Supercritical Fluid Extraction (SCFE), a prominent technique utilized for the extraction of essential oils from plant materials, offers several advantages over conventional extraction methods like distillation or solvent extraction. For instance, it provides enhanced extraction efficiency, shorter extraction duration, the preservation of oil quality and aroma, and reduced environmental impact. Here, we reported an optimization study that was conducted at the pilot scale for the Supercritical Fluid Extraction (SCFE) of ginger oil from ginger oleoresin.
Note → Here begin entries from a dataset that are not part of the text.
lemma double_nn_integral_le_affine:
  fixes F G :: "'a::euclidean_space \<Rightarrow> 'a \<Rightarrow> ennreal"
  assumes [measurable]: "case_prod G \<in> borel_measurable (lebesgue \<Otimes>\<^sub>M lebesgue)" "Q \<in> sets lebesgue"
    and bound: "\<And>x y. x \<in> Q \<Longrightarrow> y \<in> Q \<Longrightarrow> F x y \<le> c * G x y + d"
  shows "(\<integral>\<^sup>+x\<in>Q. (\<integral>\<^sup>+y\<in>Q. F x y \<partial>lebesgue) \<partial>lebesgue)
    \<le> c * (\<integral>\<^sup>+x\<in>Q. (\<integral>\<^sup>+y\<in>Q. G x y \<partial>lebesgue) \<partial>lebesgue)
      + d * emeasure lebesgue Q * emeasure lebesgue Q"
proof -
  have [measurable]: "(\<lambda>x. \<integral>\<^sup>+y\<in>Q. G x y \<partial>lebesgue) \<in> borel_measurable lebesgue"
    by measurable
  have inner: "(\<integral>\<^sup>+y\<in>Q. F x y \<partial>lebesgue)
      \<le> c * (\<integral>\<^sup>+y\<in>Q. G x y \<partial>lebesgue) + d * emeasure lebesgue Q" if "x \<in> Q" for x
  proof -
    have "(\<integral>\<^sup>+y\<in>Q. F x y \<partial>lebesgue) \<le> (\<integral>\<^sup>+y. c * (G x y * indicator Q y) + d * indicator Q y \<partial>lebesgue)"
      using bound[OF that] by (intro nn_integral_mono) (auto split: split_indicator)
    also have "\<dots> = c * (\<integral>\<^sup>+y\<in>Q. G x y \<partial>lebesgue) + d * emeasure lebesgue Q"
      by (simp add: nn_integral_add nn_integral_cmult)
    finally show ?thesis .
  qed
  have "(\<integral>\<^sup>+x\<in>Q. (\<integral>\<^sup>+y\<in>Q. F x y \<partial>lebesgue) \<partial>lebesgue)
      \<le> (\<integral>\<^sup>+x. c * ((\<integral>\<^sup>+y\<in>Q. G x y \<partial>lebesgue) * indicator Q x)
                 + d * emeasure lebesgue Q * indicator Q x \<partial>lebesgue)"
    using inner by (intro nn_integral_mono) (auto split: split_indicator)
  also have "\<dots> = c * (\<integral>\<^sup>+x\<in>Q. (\<integral>\<^sup>+y\<in>Q. G x y \<partial>lebesgue) \<partial>lebesgue)
      + d * emeasure lebesgue Q * emeasure lebesgue Q"
    by (simp add: nn_integral_add nn_integral_cmult)
  finally show ?thesis .
qed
This study aimed to investigate the influence of extraction temperature, extraction pressure, and CO2 flow rate on the yield of gingerol compounds, particularly 6-gingerol and total gingerol [1]. Additionally, different absorbents, namely activated charcoal and polyacrylamide-coated silica, were introduced into the extraction column to assess their impact on the extraction process. The results revealed that incorporating polyacrylamide-coated silica as an absorbent in the extraction column yielded the highest percentage of 6-gingerol and total gingerol content. Conversely, the lowest values were observed in the absence of an absorbent. Optimal conditions [2] for achieving maximum 6-gingerol (36.7%) and total gingerol (53.04%) content were determined to be within the temperature range of 40°C to 60°C and the pressure range of 150 to 250 bar during SCFE. The quantification of 6-gingerol and total gingerol content was performed using High-Performance Liquid Chromatography (HPLC), providing reliable experimental data for analysis and comparison purposes. Overall, these findings underscore the efficacy of SCFE coupled with polyacrylamide-coated silica as an absorbent for the extraction of ginger oil, offering potential applications in various industries, such as food, cosmetics, and pharmaceuticals.

References:

[1] Salea R., Veriansyah, B., Tjandrawinata R R., (2017) Optimization and scale-up process for supercritical fluids extraction of ginger oil from Zingiber officinale var. Amarum. The Journal of Supercritical Fluids. 120: 2 (285-294).

[2] Subroto E., Widjojokusumo E., Veriansyah B., Tjandrawinata R R., (2017) Supercritical CO2 extraction of candlenut oil: process optimization using Taguchi orthogonal array and physicochemical properties of the oil. Journal of Food Science and Technology. 54(5): 1286–1292.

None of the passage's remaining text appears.